The judge ordered the plan to remain in effect for 2003 while the federal agencies rewrite it, yet made made no determination what should happen in 2004 if a new plan has not been finalized.
All interests are keeping a close eye on the prospects for the salmon and conservationists are concerned.
The region did benefit from a wet spring, but the overall water flows are similar to last year when the massive fish kill occurred.
The long term solution to the water feud over the Klamath River Basin, Boyles told ENS, rests with "demand reduction."
Fostering this is far from easy, but one way could be to improve the efficiency of irrigation operations.
Another is buy back some of the agricultural land in the Klamath Basin - the government is already spending some $4 million this year to pay farming interests not to take irrigation water.

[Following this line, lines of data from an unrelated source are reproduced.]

(* Let $\mathcal{D}$ be an algebra and vector lattice of bounded real functions with the Stone property, and $(\mathcal{E},\mathcal{D})$ a bilinear form such that $(\mathcal{E},\mathcal{D}_0)$ has zero killing and all functionals $L_f(h):=2\mathcal{E}(fh,f)-\mathcal{E}(f^2,h)$, $f\in\mathcal{D}_0$, are positive on $\mathcal{D}$. Then $\mathcal{E}(f)=\frac12\|L_f\|_{\mathcal{D}'}$ for every $f\in\mathcal{D}_0$.
   Context: $\|L\|_{\mathcal{D}'}=\sup\{|L(h)|:h\in\mathcal{D},\|h\|_{\sup}\le1\}$. Stone property: $f\wedge1\in\mathcal{D}$. Bilinear form: symmetric nonnegative definite bilinear, $\mathcal{E}(f)=\mathcal{E}(f,f)$. For $f\ge0$ in $\mathcal{D}$, $E_f:=\{\varphi\in\mathcal{D}:\mathbf 1_{\{f>0\}}\le\varphi\le\mathbf 1\}$; $\mathcal{D}_0^+=\{f\ge0:E_f\ne\emptyset\}$, $\mathcal{D}_0=\mathrm{span}\,\mathcal{D}_0^+$. $(\mathcal{E},\mathcal{D}_0)$ has zero killing if $\inf\{\mathcal{E}(f,\varphi):\varphi\in E_f\}=0$ for all $f\in\mathcal{D}_0^+$. A functional is positive if it is nonnegative on nonnegative functions. *)

theory Defs
  imports "HOL-Analysis.Analysis"
begin

definition bounded_fun :: "('a \<Rightarrow> real) \<Rightarrow> bool" where
  "bounded_fun f \<longleftrightarrow> (\<exists>B. \<forall>x. \<bar>f x\<bar> \<le> B)"

definition algebra_lattice :: "('a \<Rightarrow> real) set \<Rightarrow> bool" where
  "algebra_lattice D \<longleftrightarrow>
     (\<forall>f\<in>D. bounded_fun f) \<and>
     (\<lambda>x. 0) \<in> D \<and>
     (\<forall>f\<in>D. \<forall>g\<in>D. (\<lambda>x. f x + g x) \<in> D) \<and>
     (\<forall>f\<in>D. \<forall>c::real. (\<lambda>x. c * f x) \<in> D) \<and>
     (\<forall>f\<in>D. \<forall>g\<in>D. (\<lambda>x. f x * g x) \<in> D) \<and>
     (\<forall>f\<in>D. \<forall>g\<in>D. (\<lambda>x. max (f x) (g x)) \<in> D) \<and>
     (\<forall>f\<in>D. \<forall>g\<in>D. (\<lambda>x. min (f x) (g x)) \<in> D)"

definition stone_property :: "('a \<Rightarrow> real) set \<Rightarrow> bool" where
  "stone_property D \<longleftrightarrow> (\<forall>f\<in>D. (\<lambda>x. min (f x) 1) \<in> D)"

definition bilinear_form :: "(('a \<Rightarrow> real) \<Rightarrow> ('a \<Rightarrow> real) \<Rightarrow> real) \<Rightarrow> ('a \<Rightarrow> real) set \<Rightarrow> bool" where
  "bilinear_form E D \<longleftrightarrow>
     (\<forall>f\<in>D. \<forall>g\<in>D. E f g = E g f) \<and>
     (\<forall>f\<in>D. \<forall>g\<in>D. \<forall>h\<in>D. \<forall>a b::real.
        E (\<lambda>x. a * f x + b * g x) h = a * E f h + b * E g h) \<and>
     (\<forall>f\<in>D. E f f \<ge> 0)"

definition E_set :: "('a \<Rightarrow> real) set \<Rightarrow> ('a \<Rightarrow> real) \<Rightarrow> ('a \<Rightarrow> real) set" where
  "E_set D f = {\<phi>\<in>D. \<forall>x. (if f x > 0 then 1 else 0) \<le> \<phi> x \<and> \<phi> x \<le> 1}"

definition D0plus :: "('a \<Rightarrow> real) set \<Rightarrow> ('a \<Rightarrow> real) set" where
  "D0plus D = {f\<in>D. (\<forall>x. f x \<ge> 0) \<and> E_set D f \<noteq> {}}"

definition D0 :: "('a \<Rightarrow> real) set \<Rightarrow> ('a \<Rightarrow> real) set" where
  "D0 D = {f. \<exists>n::nat. \<exists>c::nat \<Rightarrow> real. \<exists>g::nat \<Rightarrow> ('a \<Rightarrow> real).
              (\<forall>i<n. g i \<in> D0plus D) \<and> f = (\<lambda>x. \<Sum>i<n. c i * g i x)}"

definition zero_killing :: "(('a \<Rightarrow> real) \<Rightarrow> ('a \<Rightarrow> real) \<Rightarrow> real) \<Rightarrow> ('a \<Rightarrow> real) set \<Rightarrow> bool" where
  "zero_killing E D \<longleftrightarrow> (\<forall>f\<in>D0plus D. (INF \<phi>\<in>E_set D f. ereal (E f \<phi>)) = 0)"

definition positive_functional :: "(('a \<Rightarrow> real) \<Rightarrow> real) \<Rightarrow> ('a \<Rightarrow> real) set \<Rightarrow> bool" where
  "positive_functional L D \<longleftrightarrow> (\<forall>h\<in>D. (\<forall>x. h x \<ge> 0) \<longrightarrow> L h \<ge> 0)"

text \<open>Dual norm (extended-real valued, so unboundedness is not hidden).\<close>
definition dual_norm :: "(('a \<Rightarrow> real) \<Rightarrow> real) \<Rightarrow> ('a \<Rightarrow> real) set \<Rightarrow> ereal" where
  "dual_norm L D = (SUP h\<in>{h\<in>D. \<forall>x. \<bar>h x\<bar> \<le> 1}. ereal \<bar>L h\<bar>)"

definition Lfun :: "(('a \<Rightarrow> real) \<Rightarrow> ('a \<Rightarrow> real) \<Rightarrow> real) \<Rightarrow> ('a \<Rightarrow> real) \<Rightarrow> ('a \<Rightarrow> real) \<Rightarrow> real" where
  "Lfun E f h = 2 * E (\<lambda>x. f x * h x) f - E (\<lambda>x. f x ^ 2) h"

end

theory Submission
  imports Defs
begin

(*
  Write g = f^2 and call phi in D a cutoff of f if 0 <= phi <= 1 and phi = 1 wherever f =/= 0;
  the cutoffs of f are exactly the elements of E_g (E_set_square).  Every f in D0 has a cutoff
  (a finite max of cutoffs of the summands, D0_cutoff), so g lies in D0plus and zero killing
  applies to g: E(g,phi) >= 0 for every cutoff phi, and these values have infimum 0.

  For a cutoff phi we have f phi = f, hence L_f(phi) = 2 E(f) - E(g,phi) (Lfun_cutoff); this
  gives the lower bound ||L_f|| >= 2 E(f).  For the upper bound (Lfun_upper_bound) decompose
  |h| <= 1 as  h = h phi + h+ (1 - phi) - h- (1 - phi).  Positivity gives |L_f(h phi)| <= L_f(phi),
  and each k = h+-(1 - phi) vanishes on {f =/= 0}, so L_f(k) = -E(g,k), which lies in
  [0, E(g,phi)] because phi + k is again a cutoff (Lfun_complement_bound).  Adding up,
  |L_f(h)| <= 2 E(f).
*)

lemma algebra_latticeD:
  assumes "algebra_lattice D"
  shows algebra_lattice_zero: "(\<lambda>x. 0) \<in> D"
    and algebra_lattice_add: "\<And>f g. f \<in> D \<Longrightarrow> g \<in> D \<Longrightarrow> (\<lambda>x. f x + g x) \<in> D"
    and algebra_lattice_scale: "\<And>f c. f \<in> D \<Longrightarrow> (\<lambda>x. c * f x) \<in> D"
    and algebra_lattice_mult: "\<And>f g. f \<in> D \<Longrightarrow> g \<in> D \<Longrightarrow> (\<lambda>x. f x * g x) \<in> D"
    and algebra_lattice_max: "\<And>f g. f \<in> D \<Longrightarrow> g \<in> D \<Longrightarrow> (\<lambda>x. max (f x) (g x)) \<in> D"
  using assms unfolding algebra_lattice_def by auto

lemma algebra_lattice_diff:
  assumes "algebra_lattice D" "f \<in> D" "g \<in> D"
  shows "(\<lambda>x. f x - g x) \<in> D"
  using algebra_lattice_add[OF assms(1,2) algebra_lattice_scale[OF assms(1,3), of "-1"]] by simp

lemma algebra_lattice_square:
  assumes "algebra_lattice D" "f \<in> D"
  shows "(\<lambda>x. f x ^ 2) \<in> D"
  using algebra_lattice_mult[OF assms(1,2,2)] by (simp add: power2_eq_square)

text \<open>For a, p in [0,1] the number a(1 - p) lies in [0, 1 - p]; this is what makes the parts
  h+-(1 - phi) of a function |h| <= 1 admissible perturbations of a cutoff phi.\<close>
lemma complement_part_bounds:
  fixes a p :: real
  assumes "0 \<le> a" "a \<le> 1" "0 \<le> p" "p \<le> 1"
  shows "0 \<le> a - a * p \<and> p + (a - a * p) \<le> 1"
proof -
  have "a * (1 - p) \<le> 1 - p" using assms by (intro mult_left_le_one_le) auto
  moreover have "0 \<le> a * (1 - p)" using assms by simp
  ultimately show ?thesis by (simp add: algebra_simps)
qed

section \<open>Cutoffs\<close>

definition cutoff :: "('a \<Rightarrow> real) set \<Rightarrow> ('a \<Rightarrow> real) \<Rightarrow> ('a \<Rightarrow> real) \<Rightarrow> bool" where
  "cutoff D f \<phi> \<longleftrightarrow> \<phi> \<in> D \<and> (\<forall>x. 0 \<le> \<phi> x \<and> \<phi> x \<le> 1) \<and> (\<forall>x. f x \<noteq> 0 \<longrightarrow> \<phi> x = 1)"

lemma E_set_square: "E_set D (\<lambda>x. f x ^ 2) = {\<phi>. cutoff D f \<phi>}"
proof (intro set_eqI iffI; simp)
  fix \<phi> assume "\<phi> \<in> E_set D (\<lambda>x. f x ^ 2)"
  then have "\<phi> \<in> D" and bounds: "\<And>x. (if f x ^ 2 > 0 then 1 else 0) \<le> \<phi> x \<and> \<phi> x \<le> 1"
    unfolding E_set_def by auto
  moreover have "0 \<le> \<phi> x \<and> \<phi> x \<le> 1" for x using bounds[of x] by (auto split: if_splits)
  moreover have "\<phi> x = 1" if "f x \<noteq> 0" for x using bounds[of x] that by auto
  ultimately show "cutoff D f \<phi>" unfolding cutoff_def by blast
next
  fix \<phi> assume "cutoff D f \<phi>"
  then show "\<phi> \<in> E_set D (\<lambda>x. f x ^ 2)"
    unfolding cutoff_def E_set_def by (auto simp: zero_less_power_eq)
qed

lemma cutoff_of_zero:
  assumes "algebra_lattice D"
  shows "cutoff D (\<lambda>x. 0) (\<lambda>x. 0)"
  using algebra_lattice_zero[OF assms] unfolding cutoff_def by simp

lemma cutoff_lincomb:
  assumes "algebra_lattice D" "cutoff D f \<phi>" "cutoff D g \<psi>"
  shows "cutoff D (\<lambda>x. f x + c * g x) (\<lambda>x. max (\<phi> x) (\<psi> x))"
proof -
  have "max (\<phi> x) (\<psi> x) = 1" if "f x + c * g x \<noteq> 0" for x
  proof -
    have "f x \<noteq> 0 \<or> g x \<noteq> 0" using that by auto
    then have "\<phi> x = 1 \<or> \<psi> x = 1" using assms(2,3) unfolding cutoff_def by blast
    moreover have "\<phi> x \<le> 1" "\<psi> x \<le> 1" using assms(2,3) unfolding cutoff_def by auto
    ultimately show ?thesis by linarith
  qed
  moreover have "0 \<le> max (\<phi> x) (\<psi> x) \<and> max (\<phi> x) (\<psi> x) \<le> 1" for x
    using assms(2,3) unfolding cutoff_def by (auto simp: le_max_iff_disj)
  ultimately show ?thesis
    using assms algebra_lattice_max[OF assms(1)] unfolding cutoff_def by auto
qed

And drought and the water controversy are taking their toll on agricultural interests in the Upper Basin.
Farmers were hit hard in 2001, when water was not diverted for irrigation and instead sent downstream to support fish and tribal interests.
Earnings in the farm sector of Klamath County have fallen from eight percent of the county's total in 1970 to less than one percent.
According to the U.S. Geological Survey, improving flows and water quality through restoration would double the value of the lower Klamath River's current $800 million sport fishing and tourism economy.
Restoration of the salmon fishery would also help bring back some of the $75 million in commercial fishing salaries lost each year as a result of Klamath fishery closures.